- Front cover of Biedni Polacy patrzą na getto (the Misfortunate Poles look at the Ghetto) by Jan Błoński, ISBN 978-83-08-042-01-4
- Born: 15 January 1931 Warsaw, Poland
- Died: 10 February 2009 (aged 78) Kraków
- Citizenship: Polish
- Occupations: Writer, academic

= Jan Błoński =

Polish historian and literary critic (1931–2009)

Jan Błoński (15 January 1931 - 10 February 2009) was a Polish historian, literary critic, publicist and translator. He was a leading representative of the Kraków school of literary criticism, which wielded significant influence in postwar Poland.

Professor of the Jagiellonian University, Błoński was habilitated there for the work entitled Mikołaj Sęp Szarzyński and the beginnings of the Polish Baroque. He was the literary editor for the publication of Witold Gombrowicz's collected works in 1986–88 through Wydawnictwo Literackie. He was also the Fellow of Collegium Invisibile. In 1996–2001 he served as juror for the Nike Literary Award.

==Biography==
Jan Błoński was born in Warsaw in 1931, the son of Józef Błoński and Jadwiga née Lewandowska. During the occupation of Poland by Nazi Germany, Błoński witnessed the liquidation of the Warsaw Ghetto in 1942; a Jewish boy who had escaped ran into him on the street, but he didn't help. This episode of passive complicity will breed a deep sense of guilt for years and inspire "Biedni Polacy patrzą na getto" (the Poor Poles look at the Ghetto; 1987), which remains among his most renowned publications. His book would pioneer the idea that Polish people had acted as observers and therefore "shared responsibility", igniting a very controversial debate. Błoński finished his studies in Polonistics at the Jagiellonian University in 1952 during the Stalinist era in Poland.
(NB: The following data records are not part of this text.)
(* Let $\mathbf{L}\in\{\mathbf{K}_D,\mathbf{KD}_D,\mathbf{KT}_D\}$. For every formula $A$: $\mathsf{H}(\mathbf{L})\vdash A$ if and only if $\mathsf{G}(\mathbf{L})\vdash\;\Rightarrow A$.
   Context: Language: fix a finite nonempty set $\mathsf{Agt}$ of agents and a countable set $\mathsf{Prop}$ of propositional variables; $\mathsf{Grp}$ is the set of nonempty subsets of $\mathsf{Agt}$. Formulas: $\alpha::=p\mid\bot\mid\alpha\wedge\alpha\mid\alpha\vee\alpha\mid\alpha\rightarrow\alpha\mid\neg\alpha\mid D_G\alpha$ ($p\in\mathsf{Prop}$, $G\in\mathsf{Grp}$). Outmost-boxed formula: one of the form $D_G\gamma$. Hilbert systems: $\mathsf{H}(\mathbf{K}_D)$ has all instances of propositional tautologies, $D_G(\alpha\rightarrow\beta)\rightarrow(D_G\alpha\rightarrow D_G\beta)$, $D_G\alpha\rightarrow D_H\alpha$ for $G\subseteq H$, modus ponens, and necessitation (from $\alpha$ infer $D_G\alpha$). $\mathsf{H}(\mathbf{KD}_D)$ adds $\neg D_{\{a\}}\bot$ for each $a\in\mathsf{Agt}$; $\mathsf{H}(\mathbf{KT}_D)$ adds $D_G\alpha\rightarrow\alpha$. Sequent calculi (sequents $\Gamma\Rightarrow\Delta$ are pairs of finite multisets; derivable = root of a finite tree built from initial sequents by rules): $\mathsf{G}(\mathbf{K}_D)$ has initial sequents $\Gamma,p\Rightarrow p,\Delta$ and $\bot,\Gamma\Rightarrow\Delta$; rules $(R\wedge)$ from $\Gamma\Rightarrow\Delta,\alpha_1$ and $\Gamma\Rightarrow\Delta,\alpha_2$ infer $\Gamma\Rightarrow\Delta,\alpha_1\wedge\alpha_2$; $(L\wedge)$ from $\alpha_1,\alpha_2,\Gamma\Rightarrow\Delta$ infer $\alpha_1\wedge\alpha_2,\Gamma\Rightarrow\Delta$; $(R\vee)$ from $\Gamma\Rightarrow\Delta,\alpha_1,\alpha_2$ infer $\Gamma\Rightarrow\Delta,\alpha_1\vee\alpha_2$; $(L\vee)$ from $\alpha_1,\Gamma\Rightarrow\Delta$ and $\alpha_2,\Gamma\Rightarrow\Delta$ infer $\alpha_1\vee\alpha_2,\Gamma\Rightarrow\Delta$; $(R\rightarrow)$ from $\alpha_1,\Gamma\Rightarrow\Delta,\alpha_2$ infer $\Gamma\Rightarrow\Delta,\alpha_1\rightarrow\alpha_2$; $(L\rightarrow)$ from $\Gamma\Rightarrow\Delta,\alpha_1$ and $\alpha_2,\Gamma\Rightarrow\Delta$ infer $\alpha_1\rightarrow\alpha_2,\Gamma\Rightarrow\Delta$; $(R\neg)$ from $\alpha,\Gamma\Rightarrow\Delta$ infer $\Gamma\Rightarrow\Delta,\neg\alpha$; $(L\neg)$ from $\Gamma\Rightarrow\Delta,\alpha$ infer $\neg\alpha,\Gamma\Rightarrow\Delta$; $(D_K)$: from $\alpha_1,\dots,\alpha_n\Rightarrow\beta$ ($n\ge0$) infer $\Sigma,D_{G_1}\alpha_1,\dots,D_{G_n}\alpha_n\Rightarrow D_G\beta,\Omega$ where all $G_i\subseteq G$, $\Sigma$ consists only of propositional variables, $\bot$, and $D_H\gamma$ with $H\not\subseteq G$, and $\Omega$ only of propositional variables, $\bot$, outmost-boxed formulas. $\mathsf{G}(\mathbf{KD}_D)$ adds $(D_D)$: from $\Gamma\Rightarrow$ with $\Gamma\neq\emptyset$ infer $\Sigma,D_{\{a\}}\Gamma\Rightarrow\Omega$ ($D_{\{a\}}\Gamma=\{D_{\{a\}}\gamma:\gamma\in\Gamma\}$), $\Sigma$ only propositional variables, $\bot$, $D_H\gamma$ with $H\neq\{a\}$; $\Omega$ only propositional variables, $\bot$, outmost-boxed formulas. $\mathsf{G}(\mathbf{KT}_D)$ adds to $\mathsf{G}(\mathbf{K}_D)$ $(D_T)$: from $D_G\alpha,\alpha,\Gamma\Rightarrow\Delta$ infer $D_G\alpha,\Gamma\Rightarrow\Delta$. *)

theory Defs
  imports "HOL-Library.Multiset" "HOL-Library.Countable"
begin

typedef 'a grp = "{G :: 'a set. G \<noteq> {}}" by auto

definition single_grp :: "'a \<Rightarrow> 'a grp" where
  "single_grp a = Abs_grp {a}"

datatype ('a, 'p) fm =
    Atom 'p
  | Bot
  | And "('a, 'p) fm" "('a, 'p) fm"
  | Or "('a, 'p) fm" "('a, 'p) fm"
  | Imp "('a, 'p) fm" "('a, 'p) fm"
  | Neg "('a, 'p) fm"
  | Box "'a grp" "('a, 'p) fm"

datatype logic = K_D | KD_D | KT_D

fun tv :: "(('a, 'p) fm \<Rightarrow> bool) \<Rightarrow> ('a, 'p) fm \<Rightarrow> bool" where
  "tv v (Atom p) = v (Atom p)"
| "tv v Bot = False"
| "tv v (And a b) = (tv v a \<and> tv v b)"
| "tv v (Or a b) = (tv v a \<or> tv v b)"
| "tv v (Imp a b) = (tv v a \<longrightarrow> tv v b)"
| "tv v (Neg a) = (\<not> tv v a)"
| "tv v (Box G a) = v (Box G a)"

definition taut :: "('a, 'p) fm \<Rightarrow> bool" where
  "taut A = (\<forall>v. tv v A)"

inductive hil :: "logic \<Rightarrow> ('a, 'p) fm \<Rightarrow> bool" where
  H_taut: "taut A \<Longrightarrow> hil L A"
| H_K: "hil L (Imp (Box G (Imp a b)) (Imp (Box G a) (Box G b)))"
| H_mono: "Rep_grp G \<subseteq> Rep_grp H \<Longrightarrow> hil L (Imp (Box G a) (Box H a))"
| H_MP: "hil L (Imp a b) \<Longrightarrow> hil L a \<Longrightarrow> hil L b"
| H_Nec: "hil L a \<Longrightarrow> hil L (Box G a)"
| H_D: "L = KD_D \<Longrightarrow> hil L (Neg (Box (single_grp ag) Bot))"
| H_T: "L = KT_D \<Longrightarrow> hil L (Imp (Box G a) a)"

fun omega_ok :: "('a, 'p) fm \<Rightarrow> bool" where
  "omega_ok (Atom p) = True"
| "omega_ok Bot = True"
| "omega_ok (Box H g) = True"
| "omega_ok _ = False"

fun sigmaK_ok :: "'a grp \<Rightarrow> ('a, 'p) fm \<Rightarrow> bool" where
  "sigmaK_ok G (Atom p) = True"
| "sigmaK_ok G Bot = True"
| "sigmaK_ok G (Box H g) = (\<not> Rep_grp H \<subseteq> Rep_grp G)"
| "sigmaK_ok G _ = False"
(* Let $H$ be the graph consisting of two vertex-disjoint triangles $v_1v_2v_3$ and $w_1w_2w_3$ together with the edge $v_3w_1$. Let $n\ge 7$ and let $G$ be a graph with $n$ vertices obtained from $H$ by attaching $n-6$ pendant edges (new leaves) to vertices of $H$, such that both $v_3$ and $w_1$ are incident with at least one pendant edge. Then $\operatorname{avm}(G)>\operatorname{avm}(T_n^1(3,3))$.
   Context: $\operatorname{avm}(G)$ is the average of $|M|$ over all maximal matchings $M$ of $G$ (a matching is maximal if not properly contained in another matching). $T_n^1(3,3)$ is the graph obtained from $H$ by attaching $n-6$ pendant edges (new leaves) to $v_3$. *)

theory Defs
  imports Complex_Main
begin

text \<open>A simple graph is represented by its edge set: a set of 2-element vertex sets.\<close>

definition is_matching :: "'a set set \<Rightarrow> 'a set set \<Rightarrow> bool" where
  "is_matching E M \<longleftrightarrow> M \<subseteq> E \<and> (\<forall>e\<in>M. \<forall>e'\<in>M. e \<noteq> e' \<longrightarrow> e \<inter> e' = {})"

definition is_maximal_matching :: "'a set set \<Rightarrow> 'a set set \<Rightarrow> bool" where
  "is_maximal_matching E M \<longleftrightarrow> is_matching E M \<and> \<not> (\<exists>M'. is_matching E M' \<and> M \<subset> M')"

definition maximal_matchings :: "'a set set \<Rightarrow> 'a set set set" where
  "maximal_matchings E = {M. is_maximal_matching E M}"

definition avm :: "'a set set \<Rightarrow> real" where
  "avm E = (\<Sum>M\<in>maximal_matchings E. real (card M)) / real (card (maximal_matchings E))"

text \<open>H: triangles v1 v2 v3 = 0 1 2 and w1 w2 w3 = 3 4 5, plus the edge v3 w1 = {2,3}.\<close>
definition H_edges :: "nat set set" where
  "H_edges = {{0,1},{1,2},{0,2},{3,4},{4,5},{3,5},{2,3}}"

definition pendant_graph :: "nat \<Rightarrow> (nat \<Rightarrow> nat) \<Rightarrow> nat set set" where
  "pendant_graph n f = H_edges \<union> {{i, f i} | i. i \<in> {6..<n}}"
text \<open>A partition is represented by the list of its nonzero parts
  (weakly decreasing, all positive). Rows are indexed from 1.\<close>

definition is_partition :: "nat list \<Rightarrow> bool" where
  "is_partition la \<longleftrightarrow> sorted (rev la) \<and> 0 \<notin> set la"

definition part :: "nat list \<Rightarrow> nat \<Rightarrow> nat" where
  "part la i = (if 1 \<le> i \<and> i \<le> length la then la ! (i - 1) else 0)"

definition len :: "nat list \<Rightarrow> nat" where
  "len la = length la"

definition diagram :: "nat list \<Rightarrow> (nat \<times> nat) set" where
  "diagram la = {(i, j). 1 \<le> i \<and> 1 \<le> j \<and> j \<le> part la i}"

definition conj_part :: "nat list \<Rightarrow> nat \<Rightarrow> nat" where
  "conj_part la j = card {i. 1 \<le> i \<and> i \<le> length la \<and> j \<le> part la i}"

definition self_conjugate :: "nat list \<Rightarrow> bool" where
  "self_conjugate la \<longleftrightarrow> (\<forall>j\<ge>1. conj_part la j = part la j)"

definition kk :: "nat list \<Rightarrow> nat" where
  "kk la = Max {i. 1 \<le> i \<and> i \<le> part la i}"

text \<open>hook length (for nodes of the diagram, where it is positive)\<close>
definition hook :: "nat list \<Rightarrow> nat \<Rightarrow> nat \<Rightarrow> nat" where
  "hook la i j = part la i + conj_part la j + 1 - i - j"

definition BG_partition :: "nat \<Rightarrow> nat list \<Rightarrow> bool" where
  "BG_partition p la \<longleftrightarrow> self_conjugate la \<and>
     (\<forall>i. 1 \<le> i \<and> i \<le> kk la \<longrightarrow> \<not> p dvd hook la i i)"

definition rim :: "nat list \<Rightarrow> (nat \<times> nat) set" where
  "rim la = {(i, j) \<in> diagram la. (i + 1, j + 1) \<notin> diagram la}"

text \<open>Label of a rim node: its position along the rim path from (1,lambda_1)
  to (l(lambda),1); the path runs along rows top to bottom, and within a row
  from right to left.\<close>
definition rim_label :: "nat list \<Rightarrow> nat \<times> nat \<Rightarrow> nat" where
  "rim_label la x = card {y \<in> rim la. fst y < fst x \<or> (fst y = fst x \<and> snd y > snd x)} + 1"

definition rim_node :: "nat list \<Rightarrow> nat \<Rightarrow> nat \<times> nat" where
  "rim_node la m = (THE x. x \<in> rim la \<and> rim_label la x = m)"

definition segment :: "nat \<Rightarrow> nat list \<Rightarrow> nat \<Rightarrow> (nat \<times> nat) set" where
  "segment p la s = {x \<in> rim la. s \<le> rim_label la x \<and> rim_label la x \<le> s + p - 1}"

definition segment_last :: "nat \<Rightarrow> nat list \<Rightarrow> nat \<Rightarrow> nat" where
  "segment_last p la s = min (s + p - 1) (card (rim la))"

inductive_set seg_starts :: "nat \<Rightarrow> nat list \<Rightarrow> nat set" for p la where
  first: "1 \<in> seg_starts p la"
| next_seg: "s \<in> seg_starts p la \<Longrightarrow> fst (rim_node la (segment_last p la s)) = r \<Longrightarrow>
     r < len la \<Longrightarrow>
     Min (rim_label la ` {x \<in> rim la. fst x = r + 1}) \<in> seg_starts p la"

definition p_rim :: "nat \<Rightarrow> nat list \<Rightarrow> (nat \<times> nat) set" where
  "p_rim p la = (\<Union>s \<in> seg_starts p la. segment p la s)"

definition U_set :: "nat \<Rightarrow> nat list \<Rightarrow> (nat \<times> nat) set" where
  "U_set p la = {(i, j) \<in> p_rim p la. i \<le> j}"

definition L_set :: "nat \<Rightarrow> nat list \<Rightarrow> (nat \<times> nat) set" where
  "L_set p la = {(j, i) | i j. (i, j) \<in> U_set p la}"

definition rim_star :: "nat \<Rightarrow> nat list \<Rightarrow> (nat \<times> nat) set" where
  "rim_star p la = U_set p la \<union> L_set p la"

definition a_star :: "nat \<Rightarrow> nat list \<Rightarrow> nat" where
  "a_star p la = card (rim_star p la)"

end

theory Submission
  imports Defs
begin

(* On a self-conjugate partition with n parts the contents j - i of the 2n - 1 rim nodes are
  exactly 1 - n, ..., n - 1, so the rim node (i, j) carries the label n + i - j. Hence U consists
  of the p-rim nodes of label at most n, L of their transposes, and U and L meet only in the
  diagonal rim node, of label n. The p-segments are pairwise disjoint label intervals, each
  beginning at the first rim node (i, lambda_i) of a row, and every segment ending before label n
  has exactly p nodes. If the diagonal node is not in the p-rim, a* = 2 |U| is therefore a
  multiple of 2p. Otherwise the segment through it starts at some (i, lambda_i) with
  i <= lambda_i, and a* = 2 |U| - 1 is congruent to 2 (lambda_i - i + 1) - 1 = h_ii modulo 2p:
  a* is odd, and it is not divisible by p by the BG condition. *)

lemma part_antimono:
  assumes "is_partition la" "1 \<le> i" "i \<le> i'"
  shows "part la i' \<le> part la i"
proof (cases "i' \<le> length la")
  case True
  have "sorted (rev la)" using assms(1) by (simp add: is_partition_def)
  with True assms(2,3) show ?thesis
    using sorted_rev_nth_mono[of la "i - 1" "i' - 1"] by (simp add: part_def)
next
  case False
  then show ?thesis by (simp add: part_def)
qed

lemma part_pos_iff:
  assumes "is_partition la" "1 \<le> i"
  shows "0 < part la i \<longleftrightarrow> i \<le> length la"
proof -
  have "la ! (i - 1) \<noteq> 0" if "i \<le> length la"
  proof -
    have "la ! (i - 1) \<in> set la" using that assms(2) by simp
    then show ?thesis using assms(1) by (metis is_partition_def)
  qed
  then show ?thesis using assms(2) by (auto simp: part_def)
qed

lemma le_part_iff_le_conj_part:
  assumes la: "is_partition la" and "1 \<le> i" "1 \<le> j"
  shows "j \<le> part la i \<longleftrightarrow> i \<le> conj_part la j"
proof -
  define A where "A = {i. 1 \<le> i \<and> i \<le> length la \<and> j \<le> part la i}"
  have A_iff: "a \<in> A \<longleftrightarrow> j \<le> part la a" if "1 \<le> a" for a
    using that \<open>1 \<le> j\<close> part_pos_iff[OF la that] by (auto simp: A_def)
  have "finite A" by (auto simp: A_def)
  show ?thesis
  proof
    assume "j \<le> part la i"
    then have "{1..i} \<subseteq> A"
      using A_iff part_antimono[OF la] by (meson atLeastAtMost_iff le_trans subsetI)
    then have "card {1..i} \<le> card A" using \<open>finite A\<close> by (rule card_mono[rotated])
    then show "i \<le> conj_part la j" by (simp add: conj_part_def A_def)
  next
    assume i_le: "i \<le> conj_part la j"
    show "j \<le> part la i"
    proof (rule ccontr)
      assume "\<not> j \<le> part la i"
      have "A \<subseteq> {1..i - 1}"
      proof
        fix a assume "a \<in> A"
        then have "1 \<le> a" "j \<le> part la a" by (auto simp: A_def)
        with \<open>\<not> j \<le> part la i\<close> have "a < i"
          using part_antimono[OF la \<open>1 \<le> i\<close>, of a] by (meson le_trans not_le)
        with \<open>1 \<le> a\<close> show "a \<in> {1..i - 1}" by simp
      qed
      then have "card A \<le> i - 1" using card_mono[of "{1..i - 1}" A] by simp
      then show False using i_le \<open>1 \<le> i\<close> by (simp add: conj_part_def A_def)
    qed
  qed
qed

lemma le_kk:
  assumes "1 \<le> i" "i \<le> part la i"
  shows "i \<le> kk la"
proof -
  have "{i. 1 \<le> i \<and> i \<le> part la i} \<subseteq> {..length la}"
    by (auto simp: part_def split: if_splits)
  then have "finite {i. 1 \<le> i \<and> i \<le> part la i}" by (rule finite_subset) simp
  with assms show ?thesis unfolding kk_def by (intro Max_ge) auto
qed

lemma mem_rim_iff:
  "(i, j) \<in> rim la \<longleftrightarrow> 1 \<le> i \<and> 1 \<le> j \<and> j \<le> part la i \<and> part la (i + 1) \<le> j"
  by (auto simp: rim_def diagram_def)

fun content :: "nat \<times> nat \<Rightarrow> int" where
  "content (i, j) = int j - int i"

lemma content_rim_less:
  assumes la: "is_partition la" and "(i, j) \<in> rim la" "(i', j') \<in> rim la" "i' < i"
  shows "content (i, j) < content (i', j')"
proof (rule ccontr)
  assume "\<not> ?thesis"
  then have "j' + 1 \<le> part la i" using assms(2,4) by (simp add: mem_rim_iff)
  also have "\<dots> \<le> part la (i' + 1)" using part_antimono[OF la, of "i' + 1" i] assms(4) by simp
  finally show False using assms(3) by (simp add: mem_rim_iff)
qed

lemma rim_order_iff_content_less:
  assumes "is_partition la" "(i, j) \<in> rim la" "(i', j') \<in> rim la"
  shows "i' < i \<or> (i' = i \<and> j < j') \<longleftrightarrow> content (i, j) < content (i', j')"
  using content_rim_less[OF assms] content_rim_less[OF assms(1,3,2)]
  by (cases i i' rule: linorder_cases) auto

lemma inj_on_content_rim:
  assumes "is_partition la"
  shows "inj_on content (rim la)"
proof (rule inj_onI)
  fix x y assume "x \<in> rim la" "y \<in> rim la" "content x = content y"
  moreover obtain i j i' j' where "x = (i, j)" "y = (i', j')" by force
  ultimately show "x = y"
    using rim_order_iff_content_less[OF assms, of i j i' j']
      rim_order_iff_content_less[OF assms, of i' j' i j] by auto
qed

lemma rim_label_eq_card_content_greater:
  assumes "is_partition la" "x \<in> rim la"
  shows "rim_label la x = card {y \<in> rim la. content x < content y} + 1"
proof -
  obtain i j where x: "x = (i, j)" by force
  have "{y \<in> rim la. fst y < i \<or> (fst y = i \<and> j < snd y)} = {y \<in> rim la. content x < content y}"
    using rim_order_iff_content_less[OF assms(1)] assms(2) x by fastforce
  then show ?thesis by (simp add: rim_label_def x)
qed
lemma entropy2_ge_deep_edges:
  assumes \<Delta>: "\<Delta> \<ge> 1" "real (tree_maxdeg m par) \<le> \<Delta>" and eps_le_1: "\<epsilon> \<le> 1"
    and decay: "b * (1 - 2 * \<epsilon> / b) ^ D \<le> 1"
  shows "(real m - (real D + 2) * \<Delta> ^ (D + 1)) * (h_frac E x / n * (1 - b * (1 - 2 * \<epsilon> / b) ^ D))
    \<le> entropy2 R"
proof -
  define Y where "Y = h_frac E x / n * (1 - b * (1 - 2 * \<epsilon> / b) ^ D)"
  define edge where "edge = (\<lambda>k. \<Sum>u\<in>V. marg (par k) u * row_entropy k u)"
  define Deep where "Deep = {1..m} - (\<Union>d\<in>{..D+1}. tree_level m par d)"
  have Y_nonneg: "0 \<le> Y" unfolding Y_def using h_frac_nonneg decay by simp
  have deep: "Y \<le> edge k" if k: "k \<in> Deep" for k
  proof -
    have k1: "k \<in> {1..m}" using k unfolding Deep_def by auto
    then obtain e where e: "k \<in> tree_level m par e" using tree_level_exists[OF par_less] by force
    have "D + 1 < e" using e k unfolding Deep_def by force
    define d where "d = e - 2"
    have "e = Suc (Suc d)" "D \<le> d" unfolding d_def using \<open>D + 1 < e\<close> by arith+
    then have d: "par k \<in> tree_level m par (Suc d)" "D \<le> d" using e by auto
    have "(1 - 2 * \<epsilon> / b) ^ d \<le> (1 - 2 * \<epsilon> / b) ^ D"
      using d b_ge_2 eps_le_1 eps_pos by (intro power_decreasing) (auto simp: field_simps)
    then have "Y \<le> h_frac E x / n * (1 - b * (1 - 2 * \<epsilon> / b) ^ d)"
      unfolding Y_def using h_frac_nonneg b_ge_2 by (intro mult_left_mono) auto
    also have "\<dots> \<le> edge k" unfolding edge_def by (rule edge_entropy_ge[OF k1 d(1)])
    finally show ?thesis .
  qed
  have "{1..m} - Deep = {1..m} \<inter> (\<Union>d\<in>{..D+1}. tree_level m par d)" unfolding Deep_def by auto
  then have "real (card ({1..m} - Deep)) \<le> (real D + 2) * \<Delta> ^ (D + 1)"
    using card_shallow_le[OF \<Delta>] by simp
  moreover have Deep_sub: "Deep \<subseteq> {1..m}" unfolding Deep_def by auto
  then have "real (card ({1..m} - Deep)) = real m - real (card Deep)"
    using card_mono[of "{1..m}" Deep] finite_subset[OF Deep_sub]
    by (simp add: card_Diff_subset of_nat_diff)
  ultimately have card_Deep: "real m - (real D + 2) * \<Delta> ^ (D + 1) \<le> real (card Deep)"
    by linarith
  have "(real m - (real D + 2) * \<Delta> ^ (D + 1)) * Y \<le> real (card Deep) * Y"
    using card_Deep Y_nonneg by (rule mult_right_mono)
  also have "\<dots> = (\<Sum>k\<in>Deep. Y)" by simp
  also have "\<dots> \<le> (\<Sum>k\<in>Deep. edge k)" using deep by (rule sum_mono)
  also have "\<dots> \<le> (\<Sum>k\<in>{1..m}. edge k)"
  proof (rule sum_mono2[OF _ Deep_sub])
    show "0 \<le> edge k" for k
      unfolding edge_def by (intro sum_nonneg mult_nonneg_nonneg marg_nonneg row_entropy_nonneg)
  qed simp
  also have "\<dots> = entropy2 R" unfolding edge_def by (rule entropy2_eq_sum_row_entropy[symmetric])
  finally show ?thesis unfolding Y_def .
qed

end

lemma mult_ge_one_minus_double:
  fixes m t A B :: real
  assumes "0 \<le> m" "0 \<le> t" "t \<le> 1" "m * (1 - t) \<le> A" "1 - t \<le> B"
  shows "m * (1 - 2 * t) \<le> A * B"
proof -
  have "0 \<le> m * (1 - t)" using assms by simp
  then have "0 \<le> A" using assms(4) by linarith
  have "m * (1 - 2 * t) \<le> m * (1 - t) * (1 - t)"
    using assms(1) by (simp add: algebra_simps)
  also have "\<dots> \<le> A * B" using assms \<open>0 \<le> A\<close> by (intro mult_mono) auto
  finally show ?thesis .
qed

lemma sqrt_ln_ge:
  assumes "0 \<le> t" "exp (t\<^sup>2) \<le> y"
  shows "t \<le> sqrt (ln y)"
proof -
  have "0 < y" using assms(2) by (rule less_le_trans[OF exp_gt_zero])
  then have "t\<^sup>2 \<le> ln y" using assms(2) by (simp add: ln_ge_iff)
  then show ?thesis using assms(1) real_le_rsqrt by blast
qed

lemma entropy2_random_tree_ge:
  fixes \<epsilon> b \<gamma> :: real
  defines "c \<equiv> 2 * \<epsilon> / b"
  assumes \<epsilon>: "0 < \<epsilon>" "\<epsilon> \<le> 1" and b: "2 \<le> b" and \<gamma>: "0 < \<gamma>" "\<gamma> \<le> c / 16"
    and n: "exp ((16 / 3 * (4 + 1 / c + (ln b + 3) / 16 + ln b / c))\<^sup>2) \<le> real n"
    and dense: "n_eps_digraph n \<epsilon> V E" and matching: "perfect_frac_matching V E x"
    and normal: "b_normal b n E x" and root: "v0 \<in> V" and bfs: "bfs_tree m par"
    and m: "real n powr (1/4) + 1 \<le> real (m + 1)"
    and maxdeg: "real (tree_maxdeg m par) \<le> exp (\<gamma> * sqrt (ln (real n)))"
    and random_tree: "random_tree E x m par dir v0 R"
  shows "(1 - 2 * exp (- sqrt (ln (real n)))) * (real m / real n) * h_frac E x \<le> entropy2 R"
proof -
  interpret random_tree_in_dense_digraph V E x m par dir v0 R n b \<epsilon>
    using dense matching normal root bfs random_tree b \<epsilon>
    by unfold_locales (auto simp: n_eps_digraph_def digraph_def bfs_tree_def)
  define s where "s = sqrt (ln (real n))"
  define t where "t = exp (- s)"
  have c: "0 < c" "c \<le> 1" unfolding c_def using \<epsilon> b by (auto simp: field_simps)
  have s: "16 / 3 * (4 + 1 / c + (ln b + 3) / 16 + ln b / c) \<le> s"
    unfolding s_def using c b by (intro sqrt_ln_ge[OF _ n]) (auto intro!: add_nonneg_nonneg)
  have "1 \<le> b" "0 \<le> \<gamma>" using b \<gamma> by auto
  then obtain D where decay: "b * (1 - c) ^ D \<le> t"
    and few: "(real D + 2) * exp (\<gamma> * s) ^ (D + 1) \<le> exp (s * s / 4 - s)"
    using exists_depth[OF c _ _ \<gamma>(2) s] unfolding t_def by blast
  have "0 \<le> s" unfolding s_def using n_pos by simp
  then have t: "0 < t" "t \<le> 1" unfolding t_def by auto
  note few
  also have "exp (s * s / 4 - s) = real n powr (1/4) * t"
    unfolding s_def t_def using n_pos by (simp add: powr_def flip: exp_add)
  also have "\<dots> \<le> real m * t" using m t by (intro mult_right_mono) auto
  finally have shallow: "(real D + 2) * exp (\<gamma> * s) ^ (D + 1) \<le> real m * t" .
  have "real m * (1 - 2 * t) \<le> (real m - (real D + 2) * exp (\<gamma> * s) ^ (D + 1)) * (1 - b * (1 - c) ^ D)"
    by (rule mult_ge_one_minus_double) (use t shallow decay in \<open>auto simp: algebra_simps\<close>)
  then have "real m * (1 - 2 * t) * (h_frac E x / n)
      \<le> (real m - (real D + 2) * exp (\<gamma> * s) ^ (D + 1)) * (1 - b * (1 - c) ^ D) * (h_frac E x / n)"
    using h_frac_nonneg by (intro mult_right_mono) auto
  also have "\<dots> = (real m - (real D + 2) * exp (\<gamma> * s) ^ (D + 1)) * (h_frac E x / n * (1 - b * (1 - c) ^ D))"
    by (simp add: mult_ac)
  also have "\<dots> \<le> entropy2 R"
    using \<epsilon> \<gamma> maxdeg decay t \<open>0 \<le> s\<close> unfolding s_def c_def by (intro entropy2_ge_deep_edges) auto
  finally show ?thesis unfolding t_def s_def by (simp add: mult_ac)
qed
Błoński obtained a position with the Institute of Literary Studies of the Polish Academy of Sciences in 1959–62 (after the Polish October). From 1970 he was employed at the Jagiellonian University. He was a vice-rector for didactic affairs (1981–84), director of the Institute of Polish Studies (1988–91), director of the Department of the Theatre (1977–1980) and the Department of the 20th Century Polish Literature (1995–97). As professor, he also lectured Polish literature at the University of Sorbonne, the University of Clermont-Ferrand and the Paris University IV. He died on 10 February 2009 in Kraków.

== Awards ==
In 1968 he received Kościelski Award. In 1981 he received Kazimierz Wyka Award. In November 1995 he was awarded the Kraków Book of the Month Award for Wszystkie sztuki Sławomira Mrożka, the collected works of Sławomir Mrożek, his long-time friend from the Stalinist period.